By providing a credit or debit card (hereinafter referred to as a “credit card”) and/or billing information, or by registering for, using or receiving any of the Company’s Services, you:
- • represent that you are 18 years of age or older;
- • represent that you have the legal capacity and authority to bind yourself and/or the person or entity for whom you are entering into this Agreement;
- • represent that you read and understand English and have read and understand this Agreement;
- • represent, warrant and covenant that the information and data that you have provided or will provide to the Company is or will be correct and complete in all respects, and that you have the right to provide such information and data to the Company;
- • acknowledge that the Company has and will rely upon the information and data that you provide and that any incorrect or incomplete information that you provide to the Company may result in the Company withholding, suspending or terminating the Services and/or terminating this Agreement; and
- • agree to be bound by this Agreement, as it may be updated by the Company from time to time in its sole discretion.

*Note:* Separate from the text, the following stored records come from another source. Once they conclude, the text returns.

theorem mainTheorem1:
  fixes M :: "'a measure"
    and D :: "('a \<Rightarrow> real) set"
    and Hop :: "('a \<Rightarrow> real) \<Rightarrow> ('a \<Rightarrow> real)"
    and \<psi> :: "real^'p \<Rightarrow> 'a \<Rightarrow> real"
    and \<theta> :: "real^'p" and i j :: 'p
  assumes op: "L2_linear_operator M D Hop"
    and dense: "densely_defined M D"
    and sa: "self_adjoint M D Hop"
    and psi_dom: "\<And>\<theta>. \<psi> \<theta> \<in> D"
    and psi_nonzero: "\<And>\<theta>. l2_norm M (\<psi> \<theta>) \<noteq> 0"
    and psi_ae_nonzero: "\<And>\<theta>. AE x in M. \<psi> \<theta> x \<noteq> 0"
    and psi_diff: "\<And>\<theta> k x. \<exists>d. has_pd (\<lambda>\<theta>'. \<psi> \<theta>' x) \<theta> k d"
    and Hpsi_diff: "\<And>\<theta> k x. \<exists>d. has_pd (\<lambda>\<theta>'. Hop (\<psi> \<theta>') x) \<theta> k d"
    and dpsi_dom: "\<And>\<theta> k. (\<lambda>x. pd (\<lambda>\<theta>'. \<psi> \<theta>' x) \<theta> k) \<in> D"
    and H_commute: "\<And>\<theta> k. AE x in M.
           Hop (\<lambda>y. pd (\<lambda>\<theta>'. \<psi> \<theta>' y) \<theta> k) x = pd (\<lambda>\<theta>'. Hop (\<psi> \<theta>') x) \<theta> k"
    and diff_under_integral: "\<And>\<theta> k. has_pd (\<lambda>\<theta>'. \<integral>x. (\<psi> \<theta>' x)\<^sup>2 \<partial>M) \<theta> k
           (\<integral>x. 2 * \<psi> \<theta> x * pd (\<lambda>\<theta>'. \<psi> \<theta>' x) \<theta> k \<partial>M)"
    and dlog_meas: "\<And>\<theta> k. dlog \<psi> \<theta> k \<in> borel_measurable M"
    and ELd_meas: "\<And>\<theta> k. local_energy_d Hop \<psi> \<theta> k \<in> borel_measurable M"
  shows "Hmat M Hop \<psi> \<theta> i j =
           born_exp M \<psi> \<theta> (\<lambda>x.
             (local_energy_d Hop \<psi> \<theta> j x
               + local_energy Hop \<psi> \<theta> x * (dlog \<psi> \<theta> j x - born_exp M \<psi> \<theta> (dlog \<psi> \<theta> j)))
             * (dlog \<psi> \<theta> i x - born_exp M \<psi> \<theta> (dlog \<psi> \<theta> i)))"
proof -
  define c where
    "c k = l2_inner M (\<psi> \<theta>) (\<lambda>x. pd (\<lambda>\<theta>'. \<psi> \<theta>' x) \<theta> k) / (l2_norm M (\<psi> \<theta>))\<^sup>2" for k
  have d\<psi>: "has_pd (\<lambda>\<theta>'. \<psi> \<theta>' x) \<theta> k (pd (\<lambda>\<theta>'. \<psi> \<theta>' x) \<theta> k)" for k x
    using psi_diff by (rule has_pd_pd)
  have dH\<psi>: "has_pd (\<lambda>\<theta>'. Hop (\<psi> \<theta>') x) \<theta> k (pd (\<lambda>\<theta>'. Hop (\<psi> \<theta>') x) \<theta> k)" for k x
    using Hpsi_diff by (rule has_pd_pd)
  note D_measurable = L2_linear_operator_measurable[OF op]
  note [measurable] = D_measurable[OF psi_dom] D_measurable[OF dpsi_dom] dlog_meas ELd_meas
    D_measurable[OF L2_linear_operator_combination(1)[OF op dpsi_dom psi_dom]]
  have d\<psi>_hat: "(\<lambda>x. pd (\<lambda>\<theta>'. psi_hat M \<psi> \<theta>' x) \<theta> k) =
      (\<lambda>x. (pd (\<lambda>\<theta>'. \<psi> \<theta>' x) \<theta> k - c k * \<psi> \<theta> x) / l2_norm M (\<psi> \<theta>))" for k
    using pd_psi_hat[OF d\<psi> diff_under_integral psi_nonzero] by (simp add: c_def)
  have Hd\<psi>_hat: "AE x in M.
      Hop (\<lambda>x. (pd (\<lambda>\<theta>'. \<psi> \<theta>' x) \<theta> j - c j * \<psi> \<theta> x) / l2_norm M (\<psi> \<theta>)) x =
      (pd (\<lambda>\<theta>'. Hop (\<psi> \<theta>') x) \<theta> j - c j * Hop (\<psi> \<theta>) x) / l2_norm M (\<psi> \<theta>)"
    using L2_linear_operator_combination(2)[OF op dpsi_dom[of \<theta> j] psi_dom[of \<theta>]]
      H_commute[of \<theta> j]
    by eventually_elim simp
  have mean_dlog: "born_exp M \<psi> \<theta> (dlog \<psi> \<theta> k) = c k" for k
    unfolding c_def by (rule born_exp_dlog[OF psi_ae_nonzero d\<psi>]) measurable
  show ?thesis
    unfolding Hmat_def l2_inner_def d\<psi>_hat mean_dlog
    unfolding born_exp_def
  proof (rule integral_cong_AE, goal_cases lhs_measurable rhs_measurable integrand)
    case integrand
    from psi_ae_nonzero[of \<theta>] Hd\<psi>_hat show ?case
    proof eventually_elim
      case (elim x)
      show ?case
        unfolding elim(2) by (rule Hmat_integrand_local_energy_form[OF elim(1) d\<psi> d\<psi> dH\<psi>])
    qed
  qed (unfold born_def local_energy_def, measurable)
qed

end
(* Let $k\ge1$ be an integer and $0<\alpha<1$, and suppose there is a positive integer satisfying $\sum_{i=k}^{\infty}2^{-i-v}\binom{i+v-1}{i}\le\alpha$; let $v$ be the largest such integer. Under the hypotheses of the setting in the context, the knockoffs procedure with parameter $v$ controls the $k$-familywise error rate at level $\alpha$: $\Pr(V\ge k)\le\alpha$.
   Context: Setting: $p\ge1$; $W_1,\dots,W_p$ are real random variables, almost surely pairwise distinct; $\chi_1,\dots,\chi_p$ take values in $\{-1,0,1\}$; $\mathcal H_0\subseteq\{1,\dots,p\}$ is the set of true nulls, and conditional on $(W_1,\dots,W_p)$ and $(\chi_j)_{j\notin\mathcal H_0}$, the variables $(\chi_j)_{j\in\mathcal H_0}$ are jointly independent and uniform on $\{-1,+1\}$. Knockoffs procedure with parameter $v$: let $\rho$ be the permutation with $W_{\rho(1)}>\cdots>W_{\rho(p)}$; let $j^\star$ be the position of the $v$-th $-1$ in $\chi_{\rho(1)},\dots,\chi_{\rho(p)}$ ($j^\star=p$ if fewer than $v$ entries equal $-1$); reject $\rho(j)$ for all $j\le j^\star$ with $\chi_{\rho(j)}=+1$. $V=\#\{j\in\mathcal H_0: j\text{ rejected}\}$. (This setting arises in linear regression $y=X\beta+z$, $n\ge p$, full-rank $X$, Gaussian noise, with Lasso-based knockoff statistics $W_j=\max\{Z_j,\tilde Z_j\}$, $\chi_j=\mathrm{sgn}(Z_j-\tilde Z_j)$ and $\mathcal H_0=\{j:\beta_j=0\}$.) *)

theory Defs
  imports "HOL-Probability.Probability"
begin
lemma rowspace_Suc: "rowspace (Suc m) H = rowspace m H \<union> vadd (H m) ` rowspace m H"
proof (intro equalityI subsetI)
  fix w assume "w \<in> rowspace (Suc m) H"
  then obtain S where S: "S \<subseteq> {..<Suc m}" "w = xsum S H"
    unfolding rowspace_def by blast
  show "w \<in> rowspace m H \<union> vadd (H m) ` rowspace m H"
  proof (cases "m \<in> S")
    case True
    have "S - {m} \<subseteq> {..<m}" "finite (S - {m})" using S(1) by (auto intro: finite_subset)
    moreover have "w = vadd (H m) (xsum (S - {m}) H)"
      using S(2) True xsum_insert[of "S - {m}" m H] \<open>finite (S - {m})\<close> by (simp add: insert_absorb)
    ultimately show ?thesis unfolding rowspace_def by blast
  next
    case False
    then have "S \<subseteq> {..<m}" using S(1) by (auto simp: less_Suc_eq)
    then show ?thesis using S(2) unfolding rowspace_def by blast
  qed
next
  fix w assume "w \<in> rowspace m H \<union> vadd (H m) ` rowspace m H"
  then obtain S where S: "S \<subseteq> {..<m}" "w = xsum S H \<or> w = vadd (H m) (xsum S H)"
    unfolding rowspace_def by blast
  have "finite S" using S(1) by (rule finite_subset) simp
  then have "w = xsum S H \<or> w = xsum (insert m S) H"
    using S xsum_insert[of S m H] by auto
  moreover have "S \<subseteq> {..<Suc m}" "insert m S \<subseteq> {..<Suc m}" using S(1) by auto
  ultimately show "w \<in> rowspace (Suc m) H" unfolding rowspace_def by blast
qed

definition perp_rows :: "nat \<Rightarrow> nat \<Rightarrow> (nat \<Rightarrow> nat set) \<Rightarrow> nat set set" where
  "perp_rows n m H = {r. r \<subseteq> {..<n} \<and> (\<forall>j<m. orth r (H j))}"

lemma perp_rows_Suc: "perp_rows n (Suc m) H = {r \<in> perp_rows n m H. orth r (H m)}"
  unfolding perp_rows_def by (auto simp: less_Suc_eq)

lemma finite_perp_rows: "finite (perp_rows n m H)"
  unfolding perp_rows_def by (rule finite_subset[of _ "Pow {..<n}"]) auto

lemma empty_in_perp_rows: "{} \<in> perp_rows n m H"
  unfolding perp_rows_def orth_def by simp

lemma perp_rows_nonempty: "perp_rows n m H \<noteq> {}"
  using empty_in_perp_rows by blast

lemma vadd_in_perp_rows:
  assumes "r \<in> perp_rows n m H" "s \<in> perp_rows n m H"
  shows "vadd r s \<in> perp_rows n m H"
proof -
  have "finite r" "finite s" using assms unfolding perp_rows_def by (auto intro: finite_subset)
  then show ?thesis using assms unfolding perp_rows_def by (simp add: orth_vadd_left vadd_subset)
qed

text \<open>The double-annihilator property of the row space over \<open>F\<^sub>2\<close>.\<close>

lemma perp_rows_not_orth:
  assumes "\<forall>j<m. H j \<subseteq> {..<n}" "w \<subseteq> {..<n}" "w \<notin> rowspace m H"
  shows "\<exists>r \<in> perp_rows n m H. \<not> orth r w"
  using assms
proof (induction m arbitrary: w)
  case 0
  have "rowspace 0 H = {{}}" unfolding rowspace_def by auto
  then obtain x where "x \<in> w" using "0.prems"(3) by auto
  then have "{x} \<in> perp_rows n 0 H" "\<not> orth {x} w"
    using "0.prems"(2) unfolding perp_rows_def orth_def by auto
  then show ?case by blast
next
  case (Suc m)
  let ?w' = "vadd w (H m)"
  have "w = vadd (H m) ?w'" by (metis vadd_commute vadd_vadd_cancel)
  then have "w \<notin> rowspace m H" "?w' \<notin> rowspace m H"
    using Suc.prems(3) unfolding rowspace_Suc by auto
  moreover have "?w' \<subseteq> {..<n}" using Suc.prems(1,2) by (intro vadd_subset) auto
  ultimately obtain r1 r2 where
    r1: "r1 \<in> perp_rows n m H" "\<not> orth r1 w" and r2: "r2 \<in> perp_rows n m H" "\<not> orth r2 ?w'"
    using Suc.IH Suc.prems(1,2) by (metis less_SucI)
  have "finite r1" "finite r2" using r1(1) r2(1) unfolding perp_rows_def by (auto intro: finite_subset)
  then have r2w: "\<not> orth r2 w \<longleftrightarrow> orth r2 (H m)"
    and sum: "orth (vadd r1 r2) c \<longleftrightarrow> (orth r1 c \<longleftrightarrow> orth r2 c)" for c
    using r2(2) by (auto simp: orth_vadd_right orth_vadd_left)
  consider "orth r1 (H m)" | "orth r2 (H m)" | "\<not> orth r1 (H m)" "\<not> orth r2 (H m)" by blast
  then show ?case
  proof cases
    case 1 then show ?thesis using r1 unfolding perp_rows_Suc by blast
  next
    case 2 then show ?thesis using r2(1) r2w unfolding perp_rows_Suc by blast
  next
    case 3
    then have "vadd r1 r2 \<in> perp_rows n (Suc m) H" "\<not> orth (vadd r1 r2) w"
      using vadd_in_perp_rows[OF r1(1) r2(1)] r1(2) r2w sum unfolding perp_rows_Suc by auto
    then show ?thesis by blast
  qed
qed

text \<open>Translation by a vector of the complement that is not orthogonal to \<open>w\<close> swaps the
  two halves.\<close>

lemma card_perp_rows_orth:
  assumes "\<forall>j<m. H j \<subseteq> {..<n}" "w \<subseteq> {..<n}" "w \<notin> rowspace m H"
  shows "card (perp_rows n m H) = 2 * card {r \<in> perp_rows n m H. orth r w}"
proof -
  let ?D = "perp_rows n m H"
  obtain r0 where r0: "r0 \<in> ?D" "\<not> orth r0 w" using perp_rows_not_orth[OF assms] by blast
  have "finite w" using assms(2) by (rule finite_subset) simp
  then have flip: "orth (vadd r r0) w \<longleftrightarrow> \<not> orth r w" for r
    using r0(2) by (simp add: orth_commute[of _ w] orth_vadd_right)
  have "bij_betw (\<lambda>r. vadd r r0) {r \<in> ?D. orth r w} {r \<in> ?D. \<not> orth r w}"
    by (rule bij_betw_byWitness[where f' = "\<lambda>r. vadd r r0"])
       (auto simp: vadd_vadd_cancel flip intro: vadd_in_perp_rows[OF _ r0(1)])
  then have "card {r \<in> ?D. orth r w} = card {r \<in> ?D. \<not> orth r w}"
    by (rule bij_betw_same_card)
  moreover have "card ?D = card {r \<in> ?D. orth r w} + card {r \<in> ?D. \<not> orth r w}"
    using finite_perp_rows by (subst card_Un_disjoint[symmetric]) (auto intro: arg_cong[where f = card])
  ultimately show ?thesis by simp
qed

lemma finite_mats: "finite (mats m n)"
  unfolding mats_def by (intro finite_PiE) auto

lemma mats_nonempty: "mats m n \<noteq> {}"
  unfolding mats_def PiE_eq_empty_iff by (metis Pow_bottom empty_iff)

lemma compatible_eq_PiE:
  "{HX \<in> mats mX n. compat mX mZ HX HZ} = {..<mX} \<rightarrow>\<^sub>E perp_rows n mZ HZ"
  unfolding mats_def compat_def perp_rows_def by (intro set_eqI) (simp add: PiE_iff Pow_def, blast)

lemma prob_compatible_rows_orth:
  assumes "HZ \<in> mats mZ n" "w \<subseteq> {..<n}" "w \<notin> rowspace mZ HZ"
  shows "measure_pmf.prob (pmf_of_set {HX \<in> mats mX n. compat mX mZ HX HZ})
           {HX. \<forall>i<mX. orth (HX i) w} = 1 / 2 ^ mX"
proof -
  let ?D = "perp_rows n mZ HZ"
  have rows: "\<forall>j<mZ. HZ j \<subseteq> {..<n}" using assms(1) unfolding mats_def by auto
  have "card ?D > 0" using finite_perp_rows perp_rows_nonempty by (simp add: card_gt_0_iff)
  moreover have "({..<mX} \<rightarrow>\<^sub>E ?D) \<inter> {HX. \<forall>i<mX. orth (HX i) w} = {..<mX} \<rightarrow>\<^sub>E {r \<in> ?D. orth r w}"
    by (auto simp: PiE_iff)
  moreover have "{..<mX} \<rightarrow>\<^sub>E ?D \<noteq> {}" "finite ({..<mX} \<rightarrow>\<^sub>E ?D)"
    using perp_rows_nonempty finite_perp_rows by (auto simp: PiE_eq_empty_iff intro: finite_PiE)
  ultimately show ?thesis
    unfolding compatible_eq_PiE using card_perp_rows_orth[OF rows assms(2,3)]
    by (simp add: measure_pmf_of_set card_PiE power_divide)
qed

lemma syndrome_eq_imp_orth_vadd:
  assumes "syndrome mX HX a = syndrome mX HX b" "i < mX" "finite (HX i)"
  shows "orth (HX i) (vadd a b)"
proof -
  have "odd (card (HX i \<inter> a)) \<longleftrightarrow> odd (card (HX i \<inter> b))"
    using assms(1,2) unfolding syndrome_def set_eq_iff by blast
  then show ?thesis using orth_vadd_right[OF assms(3), of a b] by (simp add: orth_def)
qed

definition syndrome_inj_mod_rowspace ::
    "nat \<Rightarrow> (nat \<Rightarrow> nat set) \<Rightarrow> nat \<Rightarrow> (nat \<Rightarrow> nat set) \<Rightarrow> nat set set \<Rightarrow> bool" where
  "syndrome_inj_mod_rowspace mX HX mZ HZ G \<longleftrightarrow>
     (\<forall>a\<in>G. \<forall>b\<in>G. syndrome mX HX a = syndrome mX HX b \<longrightarrow> vadd a b \<in> rowspace mZ HZ)"

text \<open>Union bound over the pairs of \<open>G\<close> whose difference is not a stabilizer.\<close>

lemma prob_syndrome_inj_mod_rowspace:
  assumes "HZ \<in> mats mZ n" "G \<subseteq> Pow {..<n}" "finite G"
  shows "1 - real (card G) ^ 2 / 2 ^ mX \<le>
    measure_pmf.prob (pmf_of_set {HX \<in> mats mX n. compat mX mZ HX HZ})
      {HX. syndrome_inj_mod_rowspace mX HX mZ HZ G}"
proof -
  let ?C = "{HX \<in> mats mX n. compat mX mZ HX HZ}"
  let ?M = "pmf_of_set ?C"
  let ?good = "{HX. syndrome_inj_mod_rowspace mX HX mZ HZ G}"
  let ?P = "{p \<in> G \<times> G. vadd (fst p) (snd p) \<notin> rowspace mZ HZ}"
  let ?bad = "\<lambda>p. {HX. \<forall>i<mX. orth (HX i) (vadd (fst p) (snd p))}"
  have "?C \<noteq> {}" unfolding compatible_eq_PiE by (simp add: PiE_eq_empty_iff perp_rows_nonempty)
  moreover have "finite ?C" using finite_mats[of mX n] by simp
  ultimately have set_M: "set_pmf ?M = ?C" by simp
  have bad_cover: "(UNIV - ?good) \<inter> set_pmf ?M \<subseteq> \<Union> (?bad ` ?P)"
  proof
    fix HX assume "HX \<in> (UNIV - ?good) \<inter> set_pmf ?M"
    then obtain a b where ab: "(a, b) \<in> ?P" "syndrome mX HX a = syndrome mX HX b"
      and "HX \<in> mats mX n" unfolding syndrome_inj_mod_rowspace_def set_M by auto
    then have "finite (HX i)" if "i < mX" for i
      using that unfolding mats_def by (auto intro: finite_subset)
    then have "HX \<in> ?bad (a, b)" using ab(2) syndrome_eq_imp_orth_vadd by simp
    then show "HX \<in> \<Union> (?bad ` ?P)" using ab(1) by blast
  qed
  have prob_bad: "measure_pmf.prob ?M (?bad p) = 1 / 2 ^ mX" if "p \<in> ?P" for p
  proof -
    have "fst p \<in> G" "snd p \<in> G" using that by auto
    then have "fst p \<subseteq> {..<n}" "snd p \<subseteq> {..<n}" using assms(2) by auto
    then show ?thesis using that by (intro prob_compatible_rows_orth[OF assms(1)] vadd_subset) auto
  qed
  have "measure_pmf.prob ?M (UNIV - ?good) = measure_pmf.prob ?M ((UNIV - ?good) \<inter> set_pmf ?M)"
    by (rule measure_Int_set_pmf[symmetric])
  also have "\<dots> \<le> measure_pmf.prob ?M (\<Union> (?bad ` ?P))"
    using bad_cover by (rule measure_pmf.finite_measure_mono) simp
  also have "\<dots> \<le> (\<Sum>p\<in>?P. measure_pmf.prob ?M (?bad p))"
    using assms(3) by (intro measure_pmf.finite_measure_subadditive_finite) simp_all
  also have "\<dots> = real (card ?P) / 2 ^ mX"
    using prob_bad by simp
  also have "\<dots> \<le> real (card G) ^ 2 / 2 ^ mX"
  proof -
    have "card ?P \<le> card (G \<times> G)" using assms(3) by (intro card_mono) auto
    then have "real (card ?P) \<le> real (card G) ^ 2"
      by (simp add: card_cartesian_product power2_eq_square flip: of_nat_mult)
    then show ?thesis by (simp add: divide_right_mono)
  qed
  finally show ?thesis
    using measure_pmf.prob_compl[of ?good ?M] by simp
qed
lemma canonical_on_preimage:
  assumes "canonical_on T f \<alpha> \<beta>" "brick_data T \<alpha>" "brick_data T \<beta>" "\<kappa> \<in> brick T \<beta>"
  shows "Phi \<alpha> (Phi_inv \<beta> \<kappa>) \<in> brick T \<alpha>" and "f (Phi \<alpha> (Phi_inv \<beta> \<kappa>)) = \<kappa>"
proof -
  have "Phi_inv \<beta> \<kappa> \<in> Cpow T"
    using assms(3,4) Phi_inv_in_Cpow mem_brick_imp_Cpow by blast
  then show *: "Phi \<alpha> (Phi_inv \<beta> \<kappa>) \<in> brick T \<alpha>"
    using assms(2) Phi_in_brick by blast
  show "f (Phi \<alpha> (Phi_inv \<beta> \<kappa>)) = \<kappa>"
    using assms(1) * Phi_Phi_inv[OF assms(4)] unfolding canonical_on_def by simp
qed

lemma brick_partition_bounded:
  assumes "brick_partition T phis"
  obtains U N where "finite U" "U \<subseteq> T"
    and "\<And>i s. i < length phis \<Longrightarrow> (phis ! i) s \<noteq> [] \<Longrightarrow> s \<in> U \<and> length ((phis ! i) s) \<le> N"
proof
  define U where "U = (\<Union>i<length phis. {s. (phis ! i) s \<noteq> []})"
  have "brick_data T (phis ! i)" if "i < length phis" for i
    using assms that by (simp add: brick_partition_def)
  then show "finite U" "U \<subseteq> T"
    unfolding U_def by (auto simp: brick_data_def)
  then have "finite ((\<lambda>(i, s). length ((phis ! i) s)) ` ({..<length phis} \<times> U))"
    by blast
  moreover have "(i, s) \<in> {..<length phis} \<times> U" if "i < length phis" "(phis ! i) s \<noteq> []" for i s
    using that by (auto simp: U_def)
  ultimately show "s \<in> U \<and> length ((phis ! i) s) \<le> Max ((\<lambda>(i, s). length ((phis ! i) s)) ` ({..<length phis} \<times> U))"
    if "i < length phis" "(phis ! i) s \<noteq> []" for i s
    using that by (auto intro!: Max_ge)
qed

IF YOU DO NOT AGREE TO THE TERMS OF THIS AGREEMENT OR CANNOT MAKE ANY OF THE FOREGOING REPRESENTATIONS, YOU ARE NOT PERMITTED TO USE OR RECEIVE ANY SERVICES FROM THE COMPANY.
This Agreement sets forth the terms and conditions upon which the Company agrees to provide the Services to you and the terms and conditions upon which you agree to use or receive the Services. You acknowledge and agree that (a) this Agreement (including, without limitation, any of the fees set forth in this Agreement) may be amended by the Company in its sole discretion with notice to you by email amending the then current version of this Agreement found at http://www.pseesolutions.com and (b) It is your responsibility, after receiving notification of new Terms & Conditions changes from an email announcement, to read the updated version of Terms & Conditions. You should therefore visit http://www.pseesolutions.com. You acknowledge that portions of the Services may be subject to third party licenses, which may further affect your rights in the Services.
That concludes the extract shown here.